Collected data
fun step :: "scan_state \<Rightarrow> ft_gen \<times> bool \<Rightarrow> scan_state" where
  "step (Outside v) (Ga, e) = Outside (red_snoc v (Ga, e))"
| "step (Outside v) (Gt, e) = (if e then Fail_a v else Inside v)"
| "step (Inside v) (Ga, e) = Inside (red_snoc v (Gt, e))"
| "step (Inside v) (Gt, e) = (if e then Outside v else Fail_t v)"
| "step (Fail_a v) (Ga, e) = Fail_a (red_snoc v (Ga, e))"
| "step (Fail_a v) (Gt, e) = Fail_a v"
| "step (Fail_t v) (Ga, e) = Fail_t (red_snoc v (Gt, e))"
| "step (Fail_t v) (Gt, e) = Fail_t v"

definition scan :: "ft_gen word \<Rightarrow> scan_state" where
  "scan h = foldl step (Outside []) h"

definition unpsi :: "ft_gen word \<Rightarrow> ft_gen word" where
  "unpsi h = state_word (scan h)"

lemma scan_Nil [simp]: "scan [] = Outside []"
  by (simp add: scan_def)

lemma scan_snoc [simp]: "scan (h @ [x]) = step (scan h) x"
  by (simp add: scan_def)

lemma freely_reduced_state_word_step:
  "freely_reduced (state_word s) \<Longrightarrow> freely_reduced (state_word (step s (g, e)))"
  by (cases s; cases g) (simp_all add: freely_reduced_red_snoc)

lemma freely_reduced_state_word_scan: "freely_reduced (state_word (scan h))"
proof (induction h rule: rev_induct)
  case (snoc x h)
  then show ?case
    by (cases x) (simp add: freely_reduced_state_word_step)
qed simp

text \<open>
  Appending a letter to a reduced word either appends it or cancels the last letter, so the scan
  state moves one step forward or one step backward.
\<close>

definition step_adj :: "ft_gen \<times> bool \<Rightarrow> scan_state \<Rightarrow> scan_state \<Rightarrow> bool" where
  "step_adj x s s' \<longleftrightarrow> s' = step s x \<or> s = step s' (inv_letter x)"

lemma step_adj_scan_red_snoc: "step_adj x (scan h) (scan (red_snoc h x))"
proof (cases "h \<noteq> [] \<and> last h = inv_letter x")
  case True
  then have "h = butlast h @ [inv_letter x]"
    by (metis append_butlast_last_id)
  then have "scan h = step (scan (butlast h)) (inv_letter x)"
    by (metis scan_snoc)
  with True show ?thesis
    by (simp add: step_adj_def red_snoc_def)
qed (auto simp: step_adj_def red_snoc_def)

lemma step_adj_Ga:
  assumes "freely_reduced (state_word s)" "freely_reduced (state_word s')" "step_adj (Ga, e) s s'"
  shows "s' = step s (Ga, e)"
  using assms by (cases s; cases s') (auto simp: step_adj_def)

lemma step_Ga:
  "relabel_mode (step s (Ga, e)) = relabel_mode s
   \<and> state_word (step s (Ga, e)) = red_snoc (state_word s) (relabel (relabel_mode s) (Ga, e))"
  by (cases s) simp_all

lemma step_adj_psi_Gt:
  assumes "freely_reduced (state_word s1)" "freely_reduced (state_word s2)"
    and "step_adj (Gt, False) s s1" "step_adj (Ga, e) s1 s2" "step_adj (Gt, True) s2 s3"
  shows "relabel_mode s3 = relabel_mode s
    \<and> state_word s3 = red_snoc (state_word s) (relabel (relabel_mode s) (Gt, e))"
proof -
  have "s2 = step s1 (Ga, e)"
    using assms(1,2,4) by (rule step_adj_Ga)
  with assms(3,5) show ?thesis
    by (cases s; cases s1; cases s3) (auto simp: step_adj_def)
qed

lemma step_adj_Gt_state_word: "step_adj (Gt, e) s s' \<Longrightarrow> state_word s' = state_word s"
  by (cases s; cases s'; cases e) (auto simp: step_adj_def)

lemma scan_red_append_psi_letter:
  "relabel_mode (scan (red_append h (psi [x]))) = relabel_mode (scan h)
   \<and> unpsi (red_append h (psi [x])) = red_snoc (unpsi h) (relabel (relabel_mode (scan h)) x)"
proof (cases x)
  case (Pair g e)
  note reduced = freely_reduced_state_word_scan
  show ?thesis
  proof (cases g)
    case Ga
    have "scan (red_snoc h (Ga, e)) = step (scan h) (Ga, e)"
      using reduced reduced step_adj_scan_red_snoc by (rule step_adj_Ga)
    with Pair Ga show ?thesis
      using step_Ga[of "scan h" e] by (simp add: unpsi_def del: word_hom_Cons)
  next
    case Gt
    let ?h1 = "red_snoc h (Gt, False)"
    let ?h2 = "red_snoc ?h1 (Ga, e)"
    have "relabel_mode (scan (red_snoc ?h2 (Gt, True))) = relabel_mode (scan h)
      \<and> state_word (scan (red_snoc ?h2 (Gt, True)))
        = red_snoc (state_word (scan h)) (relabel (relabel_mode (scan h)) (Gt, e))"
      using reduced reduced step_adj_scan_red_snoc step_adj_scan_red_snoc step_adj_scan_red_snoc
      by (rule step_adj_psi_Gt)
    with Pair Gt show ?thesis
      by (simp add: unpsi_def del: word_hom_Cons)
  qed
qed

lemma scan_red_append_psi:
  "relabel_mode (scan (red_append h (psi u))) = relabel_mode (scan h)
   \<and> unpsi (red_append h (psi u)) = red_append (unpsi h) (map (relabel (relabel_mode (scan h))) u)"
proof (induction u arbitrary: h)
  case (Cons x u)
  have "red_append h (psi (x # u)) = red_append (red_append h (psi [x])) (psi u)"
    by (metis append_Cons append_Nil red_append_append word_hom_append)
  then show ?case
    using Cons.IH[of "red_append h (psi [x])"] scan_red_append_psi_letter[of h x] by simp
qed (simp add: unpsi_def)

lemma unpsi_red_append_psi: "unpsi (red_append [] (psi w)) = red_append [] w"
  using scan_red_append_psi[of "[]" w] by (simp add: unpsi_def)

# Problem to solve
Copy each line of the data that contains the word "cases", leaving the other lines out.

# Response for this exercise
  by (cases s; cases g) (simp_all add: freely_reduced_red_snoc)
    by (cases x) (simp add: freely_reduced_state_word_step)
proof (cases "h \<noteq> [] \<and> last h = inv_letter x")
  using assms by (cases s; cases s') (auto simp: step_adj_def)
  by (cases s) simp_all
    by (cases s; cases s1; cases s3) (auto simp: step_adj_def)
  by (cases s; cases s'; cases e) (auto simp: step_adj_def)
proof (cases x)
  proof (cases g)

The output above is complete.